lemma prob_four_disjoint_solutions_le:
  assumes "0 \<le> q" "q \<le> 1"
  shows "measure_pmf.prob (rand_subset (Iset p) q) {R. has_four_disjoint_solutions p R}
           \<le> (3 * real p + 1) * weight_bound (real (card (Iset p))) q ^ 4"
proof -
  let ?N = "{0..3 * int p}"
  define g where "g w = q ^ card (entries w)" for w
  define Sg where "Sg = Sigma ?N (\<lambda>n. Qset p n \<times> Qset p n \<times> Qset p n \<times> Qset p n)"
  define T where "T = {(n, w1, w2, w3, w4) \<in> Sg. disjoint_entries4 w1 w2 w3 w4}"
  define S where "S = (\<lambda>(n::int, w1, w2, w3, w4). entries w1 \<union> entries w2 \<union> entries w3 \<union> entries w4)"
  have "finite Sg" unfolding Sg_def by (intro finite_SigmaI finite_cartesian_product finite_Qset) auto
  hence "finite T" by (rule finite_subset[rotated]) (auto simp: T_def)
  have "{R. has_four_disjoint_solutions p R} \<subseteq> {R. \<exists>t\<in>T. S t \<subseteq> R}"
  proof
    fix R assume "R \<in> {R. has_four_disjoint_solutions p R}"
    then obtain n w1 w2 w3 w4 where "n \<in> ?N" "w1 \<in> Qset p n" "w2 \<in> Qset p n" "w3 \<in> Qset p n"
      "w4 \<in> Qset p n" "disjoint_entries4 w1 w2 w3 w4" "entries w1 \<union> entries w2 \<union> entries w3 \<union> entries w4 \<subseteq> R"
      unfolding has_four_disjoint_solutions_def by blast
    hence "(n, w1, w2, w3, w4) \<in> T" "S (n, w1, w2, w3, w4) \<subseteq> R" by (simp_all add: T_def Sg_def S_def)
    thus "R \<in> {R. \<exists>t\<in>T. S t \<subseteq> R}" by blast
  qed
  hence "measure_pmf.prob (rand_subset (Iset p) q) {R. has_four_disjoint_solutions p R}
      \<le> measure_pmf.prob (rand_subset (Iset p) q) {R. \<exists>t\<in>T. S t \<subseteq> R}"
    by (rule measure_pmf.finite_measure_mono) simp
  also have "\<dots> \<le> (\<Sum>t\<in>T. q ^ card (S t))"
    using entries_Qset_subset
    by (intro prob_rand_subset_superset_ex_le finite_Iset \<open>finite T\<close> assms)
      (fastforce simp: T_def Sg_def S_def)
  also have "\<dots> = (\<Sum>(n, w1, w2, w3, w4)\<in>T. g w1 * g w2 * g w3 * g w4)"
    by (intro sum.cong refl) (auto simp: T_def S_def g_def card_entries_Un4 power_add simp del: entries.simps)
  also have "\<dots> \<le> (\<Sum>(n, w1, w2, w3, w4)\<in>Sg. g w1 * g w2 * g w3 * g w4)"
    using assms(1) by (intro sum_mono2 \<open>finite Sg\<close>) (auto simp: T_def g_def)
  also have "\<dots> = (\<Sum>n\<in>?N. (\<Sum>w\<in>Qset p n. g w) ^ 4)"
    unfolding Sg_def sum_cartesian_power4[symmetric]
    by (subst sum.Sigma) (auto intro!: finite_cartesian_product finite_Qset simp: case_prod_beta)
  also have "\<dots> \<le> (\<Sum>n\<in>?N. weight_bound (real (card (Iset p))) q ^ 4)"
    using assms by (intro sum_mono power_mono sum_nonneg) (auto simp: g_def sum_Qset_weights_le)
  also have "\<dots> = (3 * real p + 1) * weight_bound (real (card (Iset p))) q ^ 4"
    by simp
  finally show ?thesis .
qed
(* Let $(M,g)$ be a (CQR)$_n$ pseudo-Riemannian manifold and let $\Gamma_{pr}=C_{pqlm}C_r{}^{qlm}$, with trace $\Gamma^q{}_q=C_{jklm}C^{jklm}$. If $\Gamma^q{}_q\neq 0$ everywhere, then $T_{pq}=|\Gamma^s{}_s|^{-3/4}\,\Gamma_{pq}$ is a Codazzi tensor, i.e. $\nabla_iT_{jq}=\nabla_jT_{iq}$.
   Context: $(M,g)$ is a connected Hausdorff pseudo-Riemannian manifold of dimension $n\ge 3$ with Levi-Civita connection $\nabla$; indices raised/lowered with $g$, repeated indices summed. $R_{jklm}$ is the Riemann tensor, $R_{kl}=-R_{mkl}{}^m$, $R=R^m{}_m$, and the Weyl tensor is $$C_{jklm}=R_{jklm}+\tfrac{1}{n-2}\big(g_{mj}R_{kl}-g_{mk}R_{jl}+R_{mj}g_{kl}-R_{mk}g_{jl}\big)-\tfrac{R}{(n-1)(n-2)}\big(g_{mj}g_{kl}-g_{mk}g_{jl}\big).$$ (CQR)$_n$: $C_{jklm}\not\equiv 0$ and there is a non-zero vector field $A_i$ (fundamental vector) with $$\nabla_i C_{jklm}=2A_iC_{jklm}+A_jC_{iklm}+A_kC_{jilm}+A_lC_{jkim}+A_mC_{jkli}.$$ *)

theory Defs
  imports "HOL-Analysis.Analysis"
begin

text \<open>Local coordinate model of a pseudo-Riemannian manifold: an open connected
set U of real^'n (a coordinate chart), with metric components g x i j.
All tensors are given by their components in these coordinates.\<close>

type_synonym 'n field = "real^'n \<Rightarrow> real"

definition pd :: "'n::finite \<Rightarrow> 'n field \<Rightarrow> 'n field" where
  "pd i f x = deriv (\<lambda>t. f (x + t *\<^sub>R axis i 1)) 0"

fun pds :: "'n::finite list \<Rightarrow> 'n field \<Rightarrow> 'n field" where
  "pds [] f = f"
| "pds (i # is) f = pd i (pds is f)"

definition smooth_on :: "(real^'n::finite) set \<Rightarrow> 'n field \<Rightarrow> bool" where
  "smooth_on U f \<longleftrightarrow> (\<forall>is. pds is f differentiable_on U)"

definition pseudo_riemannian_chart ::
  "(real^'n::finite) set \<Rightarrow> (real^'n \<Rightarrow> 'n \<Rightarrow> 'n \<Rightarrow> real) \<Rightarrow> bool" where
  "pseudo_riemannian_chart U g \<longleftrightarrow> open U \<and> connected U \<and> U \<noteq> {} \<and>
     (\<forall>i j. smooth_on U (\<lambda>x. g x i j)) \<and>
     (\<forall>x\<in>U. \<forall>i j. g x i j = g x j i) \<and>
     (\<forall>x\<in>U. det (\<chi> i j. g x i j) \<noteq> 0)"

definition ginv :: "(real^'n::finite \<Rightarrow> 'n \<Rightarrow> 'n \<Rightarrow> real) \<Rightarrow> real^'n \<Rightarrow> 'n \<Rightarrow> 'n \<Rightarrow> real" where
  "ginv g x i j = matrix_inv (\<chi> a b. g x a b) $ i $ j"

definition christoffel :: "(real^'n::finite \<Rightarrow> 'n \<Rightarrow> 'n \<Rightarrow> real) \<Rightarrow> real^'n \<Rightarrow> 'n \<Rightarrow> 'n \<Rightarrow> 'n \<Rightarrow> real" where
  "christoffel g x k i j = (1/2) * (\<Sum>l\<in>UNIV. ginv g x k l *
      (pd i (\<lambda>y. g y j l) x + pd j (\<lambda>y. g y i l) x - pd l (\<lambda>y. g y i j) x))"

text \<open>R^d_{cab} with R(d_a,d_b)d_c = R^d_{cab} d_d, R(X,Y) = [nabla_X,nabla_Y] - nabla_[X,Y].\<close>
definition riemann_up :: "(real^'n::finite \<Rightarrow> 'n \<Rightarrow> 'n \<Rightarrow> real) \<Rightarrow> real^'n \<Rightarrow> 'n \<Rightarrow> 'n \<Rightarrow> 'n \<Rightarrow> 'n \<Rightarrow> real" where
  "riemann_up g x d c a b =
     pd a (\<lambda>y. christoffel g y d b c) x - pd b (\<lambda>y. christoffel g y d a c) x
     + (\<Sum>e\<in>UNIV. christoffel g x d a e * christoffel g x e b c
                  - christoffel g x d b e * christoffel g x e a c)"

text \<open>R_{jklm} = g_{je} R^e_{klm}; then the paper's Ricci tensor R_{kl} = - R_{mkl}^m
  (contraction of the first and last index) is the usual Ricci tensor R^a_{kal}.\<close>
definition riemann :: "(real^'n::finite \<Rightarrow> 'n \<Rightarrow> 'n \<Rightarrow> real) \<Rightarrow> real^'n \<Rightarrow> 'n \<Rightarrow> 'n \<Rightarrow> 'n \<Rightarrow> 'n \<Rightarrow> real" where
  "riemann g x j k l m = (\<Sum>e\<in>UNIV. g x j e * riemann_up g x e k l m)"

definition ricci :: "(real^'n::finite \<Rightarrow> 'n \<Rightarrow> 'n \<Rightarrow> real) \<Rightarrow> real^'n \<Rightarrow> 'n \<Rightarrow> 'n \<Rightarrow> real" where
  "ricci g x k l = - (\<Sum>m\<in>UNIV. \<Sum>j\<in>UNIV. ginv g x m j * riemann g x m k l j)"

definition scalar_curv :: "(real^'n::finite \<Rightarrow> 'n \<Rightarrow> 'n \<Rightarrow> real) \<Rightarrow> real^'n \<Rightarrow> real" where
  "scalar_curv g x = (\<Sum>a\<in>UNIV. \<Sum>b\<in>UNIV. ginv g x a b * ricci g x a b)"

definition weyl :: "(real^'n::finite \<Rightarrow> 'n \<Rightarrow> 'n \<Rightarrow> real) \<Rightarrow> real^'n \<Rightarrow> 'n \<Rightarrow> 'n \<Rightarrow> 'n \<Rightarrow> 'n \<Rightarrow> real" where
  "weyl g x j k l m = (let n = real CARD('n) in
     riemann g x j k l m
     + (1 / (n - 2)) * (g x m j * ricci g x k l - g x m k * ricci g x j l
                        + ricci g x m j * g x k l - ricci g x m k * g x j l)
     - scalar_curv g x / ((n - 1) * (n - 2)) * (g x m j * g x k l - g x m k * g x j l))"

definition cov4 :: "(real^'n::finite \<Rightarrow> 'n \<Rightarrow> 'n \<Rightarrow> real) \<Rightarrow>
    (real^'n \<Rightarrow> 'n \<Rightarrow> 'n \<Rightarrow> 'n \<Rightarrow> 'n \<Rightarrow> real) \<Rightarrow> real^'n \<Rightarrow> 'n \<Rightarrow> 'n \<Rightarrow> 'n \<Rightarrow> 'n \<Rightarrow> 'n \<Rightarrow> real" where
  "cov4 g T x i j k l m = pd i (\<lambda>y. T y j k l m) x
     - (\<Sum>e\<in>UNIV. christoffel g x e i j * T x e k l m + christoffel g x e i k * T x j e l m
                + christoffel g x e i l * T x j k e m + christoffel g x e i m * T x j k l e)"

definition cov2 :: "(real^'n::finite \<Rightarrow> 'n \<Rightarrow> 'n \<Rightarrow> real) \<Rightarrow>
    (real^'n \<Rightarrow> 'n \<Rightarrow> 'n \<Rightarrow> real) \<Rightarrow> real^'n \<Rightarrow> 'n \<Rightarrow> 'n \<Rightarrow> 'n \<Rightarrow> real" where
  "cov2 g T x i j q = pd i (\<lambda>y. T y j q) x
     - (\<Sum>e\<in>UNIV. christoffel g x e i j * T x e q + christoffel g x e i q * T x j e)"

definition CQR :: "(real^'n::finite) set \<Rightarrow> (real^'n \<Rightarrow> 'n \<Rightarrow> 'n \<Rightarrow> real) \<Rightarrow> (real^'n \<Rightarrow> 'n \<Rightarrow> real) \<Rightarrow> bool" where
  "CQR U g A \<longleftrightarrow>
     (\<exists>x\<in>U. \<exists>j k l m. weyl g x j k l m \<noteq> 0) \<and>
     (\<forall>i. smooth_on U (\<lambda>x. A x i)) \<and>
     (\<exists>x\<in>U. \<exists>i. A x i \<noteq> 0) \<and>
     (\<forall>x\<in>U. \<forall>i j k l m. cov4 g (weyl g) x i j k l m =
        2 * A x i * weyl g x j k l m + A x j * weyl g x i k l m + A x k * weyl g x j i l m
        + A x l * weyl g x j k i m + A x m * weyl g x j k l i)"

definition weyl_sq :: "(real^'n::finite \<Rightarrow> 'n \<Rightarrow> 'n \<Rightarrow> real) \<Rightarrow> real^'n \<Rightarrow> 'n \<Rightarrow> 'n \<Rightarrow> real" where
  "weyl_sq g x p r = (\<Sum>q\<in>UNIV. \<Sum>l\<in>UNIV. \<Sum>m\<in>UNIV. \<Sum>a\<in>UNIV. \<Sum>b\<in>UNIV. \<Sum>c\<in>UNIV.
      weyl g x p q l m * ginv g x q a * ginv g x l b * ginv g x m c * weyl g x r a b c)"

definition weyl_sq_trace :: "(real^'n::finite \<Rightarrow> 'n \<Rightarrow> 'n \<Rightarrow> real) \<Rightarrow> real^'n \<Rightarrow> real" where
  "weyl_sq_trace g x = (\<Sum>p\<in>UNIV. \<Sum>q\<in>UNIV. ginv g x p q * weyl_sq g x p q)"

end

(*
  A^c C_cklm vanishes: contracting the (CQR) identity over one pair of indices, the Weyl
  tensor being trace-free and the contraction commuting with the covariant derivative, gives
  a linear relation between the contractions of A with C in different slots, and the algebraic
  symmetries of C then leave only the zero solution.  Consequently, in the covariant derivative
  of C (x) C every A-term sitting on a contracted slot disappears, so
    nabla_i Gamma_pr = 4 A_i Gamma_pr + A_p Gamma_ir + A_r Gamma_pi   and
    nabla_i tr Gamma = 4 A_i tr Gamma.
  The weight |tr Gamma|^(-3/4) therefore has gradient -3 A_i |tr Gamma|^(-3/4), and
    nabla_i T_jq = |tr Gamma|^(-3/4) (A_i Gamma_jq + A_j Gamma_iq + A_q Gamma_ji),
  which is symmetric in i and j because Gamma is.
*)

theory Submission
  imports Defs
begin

- - - - -

**WHAT IS NEEDED:** Please give back exactly the lines of the listing above that run from the one containing "(\<forall>x\<in>U. \<forall>i j." through the one containing "- (\<Sum>m\<in>UNIV. \<Sum>j\<in>UNIV.", and only those.

**REPLY:**
     (\<forall>x\<in>U. \<forall>i j. g x i j = g x j i) \<and>
     (\<forall>x\<in>U. det (\<chi> i j. g x i j) \<noteq> 0)"

definition ginv :: "(real^'n::finite \<Rightarrow> 'n \<Rightarrow> 'n \<Rightarrow> real) \<Rightarrow> real^'n \<Rightarrow> 'n \<Rightarrow> 'n \<Rightarrow> real" where
  "ginv g x i j = matrix_inv (\<chi> a b. g x a b) $ i $ j"

definition christoffel :: "(real^'n::finite \<Rightarrow> 'n \<Rightarrow> 'n \<Rightarrow> real) \<Rightarrow> real^'n \<Rightarrow> 'n \<Rightarrow> 'n \<Rightarrow> 'n \<Rightarrow> real" where
  "christoffel g x k i j = (1/2) * (\<Sum>l\<in>UNIV. ginv g x k l *
      (pd i (\<lambda>y. g y j l) x + pd j (\<lambda>y. g y i l) x - pd l (\<lambda>y. g y i j) x))"

text \<open>R^d_{cab} with R(d_a,d_b)d_c = R^d_{cab} d_d, R(X,Y) = [nabla_X,nabla_Y] - nabla_[X,Y].\<close>
definition riemann_up :: "(real^'n::finite \<Rightarrow> 'n \<Rightarrow> 'n \<Rightarrow> real) \<Rightarrow> real^'n \<Rightarrow> 'n \<Rightarrow> 'n \<Rightarrow> 'n \<Rightarrow> 'n \<Rightarrow> real" where
  "riemann_up g x d c a b =
     pd a (\<lambda>y. christoffel g y d b c) x - pd b (\<lambda>y. christoffel g y d a c) x
     + (\<Sum>e\<in>UNIV. christoffel g x d a e * christoffel g x e b c
                  - christoffel g x d b e * christoffel g x e a c)"

text \<open>R_{jklm} = g_{je} R^e_{klm}; then the paper's Ricci tensor R_{kl} = - R_{mkl}^m
  (contraction of the first and last index) is the usual Ricci tensor R^a_{kal}.\<close>
definition riemann :: "(real^'n::finite \<Rightarrow> 'n \<Rightarrow> 'n \<Rightarrow> real) \<Rightarrow> real^'n \<Rightarrow> 'n \<Rightarrow> 'n \<Rightarrow> 'n \<Rightarrow> 'n \<Rightarrow> real" where
  "riemann g x j k l m = (\<Sum>e\<in>UNIV. g x j e * riemann_up g x e k l m)"

definition ricci :: "(real^'n::finite \<Rightarrow> 'n \<Rightarrow> 'n \<Rightarrow> real) \<Rightarrow> real^'n \<Rightarrow> 'n \<Rightarrow> 'n \<Rightarrow> real" where
  "ricci g x k l = - (\<Sum>m\<in>UNIV. \<Sum>j\<in>UNIV. ginv g x m j * riemann g x m k l j)"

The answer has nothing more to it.